Morceaux qui Tuent Buck em down Slave Act like u want it
Quand il s’agit de désigner l’album hip-hop
le plus accompli, le choix des fans se divise presque inévitablement entre "Enter the Wu-Tang (36 chambers)" et "Illmatic" (respectivement les premiers disques
du Wu-Tang et de Nas). Deux albums sortis en 1993/1994, au moment où le rap
new-yorkais entame son âge d’or et s’affirme face à son rival californien en étant
plus incisif et viscéral que jamais. Deux albums d’une perfection froide, des
œuvres à part entière plutôt que des compilations de morceaux. Deux albums dont
l’influence a engendré toute une série d’autres disques brillants et novateurs.
L’histoire a été moins généreuse avec "Enta da stage", sorti quelques jours avant "Enter the Wu-Tang", et
annonçant lui aussi la renaissance new-yorkaise qui allait ébranler la sphère
rap. Ce disque n’a en effet pas bénéficié du succès de ses cadets. Il demeure encore aujourd'hui sous-exposé même s'il a connu une certaine reconnaissance de la part de la critique spécialisée.
Collectif sorti des tréfonds de Brooklyn,
Black Moon se fait d’abord entendre avec le single "Who got da props ?", morceau
ultra efficace avec sa boucle jazzy minimaliste à souhait et le rap brute et simple
de Buckshot, principal mc du groupe. Sorti l’année suivante, "Enta da stage" est
du même bois : quatorze titres de rap hardcore dépouillés de toute fioriture.

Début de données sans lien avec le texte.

lemma curv_eq:
  assumes "a < k" "b < k"
  shows "curv c st x n k U m l a b
    = dg (comm (generator m) (generator l)) a b
      - mcomm k (compress (generator m)) (compress (generator l)) a b"
proof -
  have "curv c st x n k U m l a b
      = - comm (generator m) (shifted_compress l a b) + comm (generator l) (shifted_compress m a b)
        - mmul k (shifted_compress m) (shifted_compress l) a b
        + mmul k (shifted_compress l) (shifted_compress m) a b"
    using assms by (simp add: curv_def madd_def msub_def mder_def der_gpot mmul_gpot)
  then show ?thesis
    using assms by (simp add: shifted_compress_def mmul_msub_dg)
      (simp add: mcomm_def msub_def dg_def comm_def algebra_simps)
qed

text \<open>\<open>defect \<alpha> \<beta>\<close> is \<open>U\<^sup>* \<alpha> Q \<beta> U\<close> with \<open>Q = 1 - U U\<^sup>*\<close>.\<close>
definition defect :: "'a \<Rightarrow> 'a \<Rightarrow> 'a mat" where
  "defect \<alpha> \<beta> a b = compress (\<alpha> * \<beta>) a b - mmul k (compress \<alpha>) (compress \<beta>) a b"

lemma defect_skew:
  "defect \<alpha> \<beta> a b - defect \<beta> \<alpha> a b
    = compress (comm \<alpha> \<beta>) a b - mcomm k (compress \<alpha>) (compress \<beta>) a b"
  by (simp add: defect_def comm_def compress_diff mcomm_def msub_def)

lemma curv_eq_defect:
  assumes "a < k" "b < k"
  shows "curv c st x n k U m l a b
    = defect (generator m) (generator l) a b - defect (generator l) (generator m) a b"
proof -
  obtain z where "comm (generator m) (generator l) = c z"
    using comm_generator_in_range by blast
  with assms show ?thesis
    by (simp add: curv_eq defect_skew compress_scalar)
qed

definition sandwich :: "'a mat \<Rightarrow> 'a mat" where
  "sandwich \<phi> = mmul n (mmul n (madj st U) \<phi>) U"

lemma sandwich_entry:
  "sandwich \<phi> a b = (\<Sum>l2<n. \<Sum>l1<n. st (U l1 a) * \<phi> l1 l2 * U l2 b)"
  by (simp add: sandwich_def mmul_def madj_def sum_distrib_right)

lemma sandwich_cong:
  "(\<And>i j. i < n \<Longrightarrow> j < n \<Longrightarrow> \<phi> i j = \<psi> i j) \<Longrightarrow> sandwich \<phi> a b = sandwich \<psi> a b"
  by (simp add: sandwich_entry)

lemma sandwich_sum:
  "sandwich (\<lambda>i j. \<Sum>r\<in>R. \<phi> r i j) a b = (\<Sum>r\<in>R. sandwich (\<phi> r) a b)"
  by (simp add: sandwich_entry sum_distrib_left sum_distrib_right sum.swap[of _ R])

lemma sandwich_scalar_mult:
  "sandwich (\<lambda>i j. c z * \<phi> i j) a b = c z * sandwich \<phi> a b"
  by (simp add: sandwich_entry mult_scalar_left_commute mult.assoc flip: sum_distrib_left)

lemma sandwich_diff:
  "sandwich (\<lambda>i j. \<phi> i j - \<psi> i j) a b = sandwich \<phi> a b - sandwich \<psi> a b"
  by (simp add: sandwich_entry algebra_simps sum_subtractf)

lemma sandwich_dg: "sandwich (dg \<gamma>) a b = compress \<gamma> a b"
  by (simp add: sandwich_entry compress_def dg_def if_distrib[of "\<lambda>w. _ * w * _"] cong: if_cong)

lemma sandwich_rank_one:
  "sandwich (\<lambda>i j. \<alpha> * U i q * (st (U j q) * \<beta>)) a b = compress \<alpha> a q * compress \<beta> q b"
  unfolding sandwich_entry compress_def sum_product by (subst sum.swap) (simp add: mult.assoc)

lemma sandwich_projection:
  assumes "a < k" "b < k"
  shows "sandwich (mmul n (mmul n (dg \<alpha>) (msub mid (mmul k U (madj st U)))) (dg \<beta>)) a b
    = defect \<alpha> \<beta> a b"
proof -
  have "sandwich (mmul n (mmul n (dg \<alpha>) (msub mid (mmul k U (madj st U)))) (dg \<beta>)) a b
      = sandwich (\<lambda>i j. dg (\<alpha> * \<beta>) i j - (\<Sum>q<k. \<alpha> * U i q * (st (U j q) * \<beta>))) a b"
    by (rule sandwich_cong)
      (simp add: mmul_dg_dg, simp add: msub_def mid_def dg_def mmul_def madj_def algebra_simps
        sum_distrib_left sum_distrib_right)
  also have "\<dots> = compress (\<alpha> * \<beta>) a b - mmul k (compress \<alpha>) (compress \<beta>) a b"
    by (simp add: sandwich_diff sandwich_dg sandwich_sum sandwich_rank_one mmul_def)
  finally show ?thesis
    by (simp add: defect_def)
qed

end

definition pmat_coeff :: "nat \<Rightarrow> nat \<Rightarrow> nat \<Rightarrow> nat \<Rightarrow> complex" where
  "pmat_coeff r u t mu = pcoef r mu * pauli (if mu = 4 then 0 else mu) u t"

definition asd_coeff :: "nat \<Rightarrow> nat \<Rightarrow> nat \<Rightarrow> nat \<Rightarrow> complex" where
  "asd_coeff s t mu nu =
     (\<Sum>r<4. \<Sum>u<2. (if r = 0 then -3 else 1) * (cnj (pmat_coeff r u s mu) * pmat_coeff r u t nu))"

lemma sqrt_6: "sqrt 6 = sqrt 2 * sqrt 3"
  by (simp flip: real_sqrt_mult)

lemma sqrt_mult_self_left: "sqrt 2 * (sqrt 2 * z) = 2 * z" "sqrt 3 * (sqrt 3 * z) = 3 * z"
  by (simp_all flip: mult.assoc)

lemmas asd_coeff_simps = asd_coeff_def pmat_coeff_def pauli_def pcoef_def numeral_eq_Suc sqrt_6
  real_sqrt_divide complex_eq_iff sqrt_mult_self_left

lemma asd_coeff_00:
  "asd_coeff 0 0 1 1 = 0"     "asd_coeff 0 0 1 2 = \<i>"   "asd_coeff 0 0 1 3 = 0"     "asd_coeff 0 0 1 4 = 0"
  "asd_coeff 0 0 2 1 = - \<i>" "asd_coeff 0 0 2 2 = 0"     "asd_coeff 0 0 2 3 = 0"     "asd_coeff 0 0 2 4 = 0"
  "asd_coeff 0 0 3 1 = 0"     "asd_coeff 0 0 3 2 = 0"     "asd_coeff 0 0 3 3 = 0"     "asd_coeff 0 0 3 4 = \<i>"
  "asd_coeff 0 0 4 1 = 0"     "asd_coeff 0 0 4 2 = 0"     "asd_coeff 0 0 4 3 = - \<i>" "asd_coeff 0 0 4 4 = 0"
  by (simp_all add: asd_coeff_simps field_simps)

DJ Evil Dee, le producteur, met sa musique à nu, ne gardant que des
basses vrombissantes ("Buck em down" et "I got cha opin" pour ne citer qu’eux), des
percussions sèches et des cuivres torturés ("Shit iz real") pour appuyer les
diatribes martiales de Buckshot (et de 5ft occasionnellement, le troisième membre
du groupe).
"Enta da stage", c’est du hip-hop réduit à
l’essentiel de sa substance. A une époque dominée par le G-Funk de Dr Dre, où le
rap s’embellit et approche un nouveau public grâce à une musique plus consensuelle,
Black Moon ramène à New-York un son cru et tapageur, celui de Run-DMC et du Boogie
Down Productions une décennie avant. Sauf que la production d’"Enta da stage" n’a
pas pris une ride. Et quelle claque ! Tout est excellent sur ce disque,
particulièrement "Act like u want it", "buck em down" et l’oppressant "Slave". On ne
se lasse jamais de ce rap belliqueux et audacieux, premier coup d’éclat de l’âge
d’or du rap hardcore dans la Grosse Pomme, avant le tsunami Wu-Tang.
Laissons
les amateurs s’extasier sur les hits de Tupac ou Snoop Dogg. Le meilleur de ces
années-là n’est pas à chercher sur les plages de Californie mais dans les
ruelles délabrées et meurtrières de la ville qui ne dort jamais.